▶ Work order:
Lines with "beta": pull these out of the listing below.

━━ Data records ━━

lemma linear_mult_sym_fall_eq_shift_diff:
  fixes n b :: nat and N :: "real poly"
  defines "N \<equiv> (\<Prod>i<b. [:- (real i + 1), 1:]) * (\<Prod>i<b. [:real i - real n, 1:])"
  shows "[:- real n, 2:] * sym_fall n b = [:0, 1:] * N - [:real n, -1:] * pcompose N [:1, 1:]"
proof -
  have poly_N: "poly N x = (\<Prod>i<b. x - (real i + 1)) * (\<Prod>i<b. x - real n + real i)" for x
    by (simp add: N_def poly_prod algebra_simps)
  have "poly ([:- real n, 2:] * sym_fall n b) x
      = poly ([:0, 1:] * N - [:real n, -1:] * pcompose N [:1, 1:]) x" for x
  proof -
    define A where "A = (\<Prod>i<b. x - real i)"
    define R where "R = (\<Prod>i<b. x - real n + real i)"
    have "x * (\<Prod>i<b. x - (real i + 1)) = A * (x - real b)"
      using prod.lessThan_Suc_shift[of "\<lambda>i. x - real i" b] by (simp add: A_def add.commute)
    then have left: "poly ([:0, 1:] * N) x = A * (x - real b) * R"
      by (simp add: poly_N R_def)
    have "(\<Prod>i<Suc b. x - real n + real i) = (x - real n) * (\<Prod>i<b. 1 + x - real n + real i)"
      by (subst prod.lessThan_Suc_shift) (simp add: algebra_simps)
    then have shift_R: "(real n - x) * (\<Prod>i<b. 1 + x - real n + real i) = - (R * (x - real n + real b))"
      by (simp add: R_def algebra_simps)
    have shift_A: "(\<Prod>i<b. 1 + x - (real i + 1)) = A"
      by (simp add: A_def)
    have "poly ([:real n, -1:] * pcompose N [:1, 1:]) x
        = (real n - x) * ((\<Prod>i<b. 1 + x - (real i + 1)) * (\<Prod>i<b. 1 + x - real n + real i))"
      by (simp add: poly_N poly_pcompose left_diff_distrib)
    also have "\<dots> = A * ((real n - x) * (\<Prod>i<b. 1 + x - real n + real i))"
      unfolding shift_A by (simp only: mult_ac)
    finally have right: "poly ([:real n, -1:] * pcompose N [:1, 1:]) x = - (A * (R * (x - real n + real b)))"
      unfolding shift_R by simp
    show ?thesis
      unfolding poly_diff left right by (simp add: poly_sym_fall A_def R_def algebra_simps)
  qed
  then show ?thesis
    by (rule poly_eq_poly_eq_iff[THEN iffD1, OF ext])
qed

lemma residue_sum_linear_sym_fall:
  "residue_sum n ([:- real n, 2:] * sym_fall n b) = 2 * fact b ^ 2 * real (n choose b)"
proof -
  define N where "N = (\<Prod>i<b. [:- (real i + 1), 1:]) * (\<Prod>i<b. [:real i - real n, 1:])"
  have poly_N: "poly N x = (\<Prod>i<b. x - (real i + 1)) * (\<Prod>i<b. x - real n + real i)" for x
    by (simp add: N_def poly_prod algebra_simps)
  have "residue_sum n ([:- real n, 2:] * sym_fall n b) = poly N 0 + poly N (real n + 1)"
    unfolding linear_mult_sym_fall_eq_shift_diff N_def[symmetric] residue_sum_diff by (rule residue_sum_shift)
  also have "poly N 0 = (\<Prod>i<b. real i + 1) * (\<Prod>i<b. real n - real i)"
    unfolding poly_N prod.distrib[symmetric] by (intro prod.cong) (simp_all add: algebra_simps)
  also have "poly N (real n + 1) = (\<Prod>i<b. real i + 1) * (\<Prod>i<b. real n - real i)"
    unfolding poly_N prod.distrib[symmetric] by (intro prod.cong) (simp_all add: algebra_simps)
  also have "(\<Prod>i<b. real i + 1) = fact b"
    by (simp add: fact_prod_Suc atLeast0LessThan add.commute)
  also have "(\<Prod>i<b. real n - real i) = fact b * real (n choose b)"
    by (simp add: binomial_gbinomial gbinomial_mult_fact atLeast0LessThan)
  finally show ?thesis
    by (simp add: power2_eq_square)
qed

section \<open>Newton expansion of the weight polynomial\<close>

definition poch_pair :: "nat \<Rightarrow> nat \<Rightarrow> real poly" where
  "poch_pair n m = (\<Prod>i=1..m. [:real i, 1:] * [:real n + real i, -1:])"

definition newton_coeff :: "nat \<Rightarrow> nat \<Rightarrow> nat \<Rightarrow> nat \<Rightarrow> real" where
  "newton_coeff n m b k = (-1) ^ k * real (m choose k)
      * pochhammer (real b + real k + 1) (m - k) * pochhammer (real n - real b + 1) (m - k)"

text \<open>In the variable u = t (n - t) the factor (t + i) (n + i - t) of poch_pair is i (n + i) + u,
  while sym_fall grows by the factor c (n - c) - u.\<close>

lemma poch_pair_factor_mult_sym_fall:
  "[:real i, 1:] * [:real n + real i, -1:] * sym_fall n c
    = smult (real i * (real n + real i) + real c * (real n - real c)) (sym_fall n c) - sym_fall n (Suc c)"
proof -
  have "poly ([:real i, 1:] * [:real n + real i, -1:] * sym_fall n c) x
      = poly (smult (real i * (real n + real i) + real c * (real n - real c)) (sym_fall n c) - sym_fall n (Suc c)) x"
    for x
    by (simp add: sym_fall_Suc algebra_simps)
  then show ?thesis
    by (rule poly_eq_poly_eq_iff[THEN iffD1, OF ext])
qed

lemma newton_coeff_Suc_0:
  "newton_coeff n (Suc m) b 0
    = newton_coeff n m b 0 * ((real m + 1) * (real n + real m + 1) + real b * (real n - real b))"
  unfolding newton_coeff_def by (simp add: pochhammer_Suc algebra_simps)

lemma newton_coeff_above: "newton_coeff n m b (Suc m) = 0"
  unfolding newton_coeff_def by simp

lemma newton_coeff_Suc_Suc:
  assumes "k \<le> m"
  shows "newton_coeff n (Suc m) b (Suc k)
    = newton_coeff n m b (Suc k) * ((real m + 1) * (real n + real m + 1)
        + real (b + Suc k) * (real n - real (b + Suc k))) - newton_coeff n m b k"
proof (cases "k = m")
  case True
  then show ?thesis
    unfolding newton_coeff_def by simp
next
  case False
  define d where "d = m - Suc k"
  have md: "m - k = Suc d" "Suc m - Suc k = Suc d" "m - Suc k = d"
    using assms False by (auto simp: d_def)
  define s where "s = real n - real b"
  define P where "P = pochhammer (real b + real (Suc k) + 1) d"
  define P' where "P' = pochhammer (s + 1) d"
  define c0 where "c0 = real (m choose k)"
  define c1 where "c1 = real (m choose Suc k)"
  have "c1 * (real k + 1) = c0 * (real m - real k)"
    unfolding c0_def c1_def using choose_mult_diff_eq_choose_Suc_mult[of k m] assms False by simp
  have P_Suc: "pochhammer (real b + real (Suc k) + 1) (Suc d) = P * (real b + real m + 1)"
    and P'_Suc: "pochhammer (s + 1) (Suc d) = P' * (s + real m - real k)"
    unfolding P_def P'_def pochhammer_Suc d_def using assms False by (simp_all add: of_nat_diff algebra_simps)
  have P_rec: "pochhammer (real b + real k + 1) (Suc d) = (real b + real k + 1) * P"
    unfolding P_def pochhammer_rec by (simp add: algebra_simps)
  have left: "newton_coeff n (Suc m) b (Suc k)
      = - ((-1) ^ k * (c0 + c1) * (P * (real b + real m + 1)) * (P' * (s + real m - real k)))"
    unfolding newton_coeff_def md s_def[symmetric] P_Suc[symmetric] P'_Suc[symmetric] c0_def c1_def by simp
  have right1: "newton_coeff n m b (Suc k) = - ((-1) ^ k * c1 * P * P')"
    unfolding newton_coeff_def md s_def[symmetric] c1_def P_def P'_def by simp
  have right2: "newton_coeff n m b k = (-1) ^ k * c0 * ((real b + real k + 1) * P) * (P' * (s + real m - real k))"
    unfolding newton_coeff_def md s_def[symmetric] c0_def P_rec[symmetric] P'_Suc[symmetric] by simp
  have "real n = s + real b"
    unfolding s_def by simp
  then have "newton_coeff n (Suc m) b (Suc k) - (newton_coeff n m b (Suc k) * ((real m + 1) * (real n + real m + 1)
        + real (b + Suc k) * (real n - real (b + Suc k))) - newton_coeff n m b k)
      = (-1) ^ k * P * P' * (s + real m - real k) * (c1 * (real k + 1) - c0 * (real m - real k))"
    unfolding left right1 right2 by (simp add: algebra_simps)
  also have "\<dots> = 0"
    using \<open>c1 * (real k + 1) = c0 * (real m - real k)\<close> by simp
  finally show ?thesis
    by simp
qed

lemma poch_pair_mult_sym_fall:
  "poch_pair n m * sym_fall n b = (\<Sum>k\<le>m. smult (newton_coeff n m b k) (sym_fall n (b + k)))"
proof (induction m)
  case 0
  then show ?case
    by (simp add: poch_pair_def newton_coeff_def)
next
  case (Suc m)
  define p where "p k = sym_fall n (b + k)" for k
  define \<beta> where "\<beta> k = newton_coeff n m b k" for k
  define \<gamma> where "\<gamma> k = (real m + 1) * (real n + real m + 1) + real (b + k) * (real n - real (b + k))" for k
  define F where "F = [:real (Suc m), 1:] * [:real n + real (Suc m), -1:]"
  have F_mult: "F * p k = smult (\<gamma> k) (p k) - p (Suc k)" for k
    using poch_pair_factor_mult_sym_fall[of "Suc m" n "b + k"]
    by (simp add: F_def p_def \<gamma>_def algebra_simps)
  have "poch_pair n (Suc m) * sym_fall n b = F * (\<Sum>k\<le>m. smult (\<beta> k) (p k))"
    by (simp add: poch_pair_def F_def Suc.IH[symmetric] \<beta>_def p_def mult_ac)
  also have "\<dots> = (\<Sum>k\<le>m. smult (\<beta> k * \<gamma> k) (p k)) - (\<Sum>k\<le>m. smult (\<beta> k) (p (Suc k)))"
    by (simp add: sum_distrib_left mult_smult_right F_mult smult_diff_right sum_subtractf)
  also have "(\<Sum>k\<le>m. smult (\<beta> k * \<gamma> k) (p k)) = (\<Sum>k\<le>Suc m. smult (\<beta> k * \<gamma> k) (p k))"
    by (simp add: \<beta>_def newton_coeff_above)
  also have "\<dots> = smult (\<beta> 0 * \<gamma> 0) (p 0) + (\<Sum>k\<le>m. smult (\<beta> (Suc k) * \<gamma> (Suc k)) (p (Suc k)))"
    by (rule sum.atMost_Suc_shift)
  also have "\<dots> - (\<Sum>k\<le>m. smult (\<beta> k) (p (Suc k)))
      = smult (newton_coeff n (Suc m) b 0) (p 0)
        + (\<Sum>k\<le>m. smult (newton_coeff n (Suc m) b (Suc k)) (p (Suc k)))"
    by (simp add: newton_coeff_Suc_0 newton_coeff_Suc_Suc \<beta>_def \<gamma>_def smult_diff_left sum_subtractf)
  also have "\<dots> = (\<Sum>k\<le>Suc m. smult (newton_coeff n (Suc m) b k) (sym_fall n (b + k)))"
    by (simp only: sum.atMost_Suc_shift p_def add_0_right)
  finally show ?case .
qed

definition weight_poly :: "nat \<Rightarrow> real poly" where
  "weight_poly n = smult (1 / fact n ^ 2) (poch_pair n n)"

lemma pochhammer_of_nat_plus_1: "pochhammer (real a + 1) k = fact (a + k) / fact a"
proof -
  have "fact (a + k) = fact a * pochhammer (real a + 1) k"
    using pochhammer_product'[of "1::real" a k] by (simp add: pochhammer_fact add.commute)
  then show ?thesis
    by simp
qed

lemma weight_eq_fact:
  assumes "c \<le> n"
  shows "weight n c = fact (n + c) * fact (2*n - c) / (fact n ^ 2 * fact c * fact (n - c))"
proof -
  have "real ((2*n - c) choose n) = fact (2*n - c) / (fact n * fact (n - c))"
    using binomial_fact[of n "2*n - c", where 'a = real] assms by simp
  then show ?thesis
    using binomial_fact[of n "n + c", where 'a = real] by (simp add: weight_def power2_eq_square)
qed

lemma poly_poch_pair:
  "poly (poch_pair n m) x = pochhammer (x + 1) m * pochhammer (real n - x + 1) m"
  by (induction m) (simp_all add: poch_pair_def pochhammer_Suc algebra_simps)

lemma poly_weight_poly:
  assumes "j \<le> n"
  shows "poly (weight_poly n) (real j) = weight n j"
proof -
  have "real n - real j = real (n - j)"
    using assms by (simp add: of_nat_diff)
  then have "pochhammer (real n - real j + 1) n = fact (n - j + n) / fact (n - j)"
    by (simp only: pochhammer_of_nat_plus_1)
  also have "n - j + n = 2*n - j"
    using assms by simp
  finally have "pochhammer (real n - real j + 1) n = fact (2*n - j) / fact (n - j)" .
  moreover have "pochhammer (real j + 1) n = fact (n + j) / fact j"
    using pochhammer_of_nat_plus_1[of j n] by (simp add: add.commute)
  ultimately show ?thesis
    using assms by (simp add: weight_poly_def poly_poch_pair weight_eq_fact)
qed

lemma poly_pderiv_poch_pair:
  assumes "0 \<le> x" "x \<le> real n"
  shows "poly (pderiv (poch_pair n m)) x
    = poly (poch_pair n m) x * (\<Sum>i=1..m. 1 / (x + real i) - 1 / (real n + real i - x))"
proof (induction m)
  case 0
  then show ?case
    by (simp add: poch_pair_def)
next
  case (Suc m)
  define F where "F = [:real (Suc m), 1:] * [:real n + real (Suc m), -1:]"
  have Suc_eq: "poch_pair n (Suc m) = poch_pair n m * F"
    by (simp add: poch_pair_def F_def)
  have F_deriv: "poly (pderiv F) x = poly F x * (1 / (x + real (Suc m)) - 1 / (real n + real (Suc m) - x))"
  proof -
    have partial_fractions: "c - a = (a * c) * (1 / a - 1 / c)" if "a \<noteq> 0" "c \<noteq> 0" for a c :: real
      using that by (simp add: field_simps)
    have "poly F x = (x + real (Suc m)) * (real n + real (Suc m) - x)"
      and "poly (pderiv F) x = (real n + real (Suc m) - x) - (x + real (Suc m))"
      by (simp_all add: F_def pderiv_mult pderiv_pCons algebra_simps)
    then show ?thesis
      using assms by (simp only:) (rule partial_fractions; simp)
  qed
  have "poly (pderiv (poch_pair n (Suc m))) x
      = poly (poch_pair n m) x * poly (pderiv F) x + poly F x * poly (pderiv (poch_pair n m)) x"
    unfolding Suc_eq pderiv_mult by simp
  also have "\<dots> = poly (poch_pair n (Suc m)) x * ((\<Sum>i=1..m. 1 / (x + real i) - 1 / (real n + real i - x))
      + (1 / (x + real (Suc m)) - 1 / (real n + real (Suc m) - x)))"
    unfolding F_deriv Suc.IH Suc_eq by (simp add: algebra_simps)
  finally show ?case
    by simp
qed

━━━

▶ Solution:
  define \<beta> where "\<beta> k = newton_coeff n m b k" for k
  have "poch_pair n (Suc m) * sym_fall n b = F * (\<Sum>k\<le>m. smult (\<beta> k) (p k))"
    by (simp add: poch_pair_def F_def Suc.IH[symmetric] \<beta>_def p_def mult_ac)
  also have "\<dots> = (\<Sum>k\<le>m. smult (\<beta> k * \<gamma> k) (p k)) - (\<Sum>k\<le>m. smult (\<beta> k) (p (Suc k)))"
  also have "(\<Sum>k\<le>m. smult (\<beta> k * \<gamma> k) (p k)) = (\<Sum>k\<le>Suc m. smult (\<beta> k * \<gamma> k) (p k))"
    by (simp add: \<beta>_def newton_coeff_above)
  also have "\<dots> = smult (\<beta> 0 * \<gamma> 0) (p 0) + (\<Sum>k\<le>m. smult (\<beta> (Suc k) * \<gamma> (Suc k)) (p (Suc k)))"
  also have "\<dots> - (\<Sum>k\<le>m. smult (\<beta> k) (p (Suc k)))
    by (simp add: newton_coeff_Suc_0 newton_coeff_Suc_Suc \<beta>_def \<gamma>_def smult_diff_left sum_subtractf)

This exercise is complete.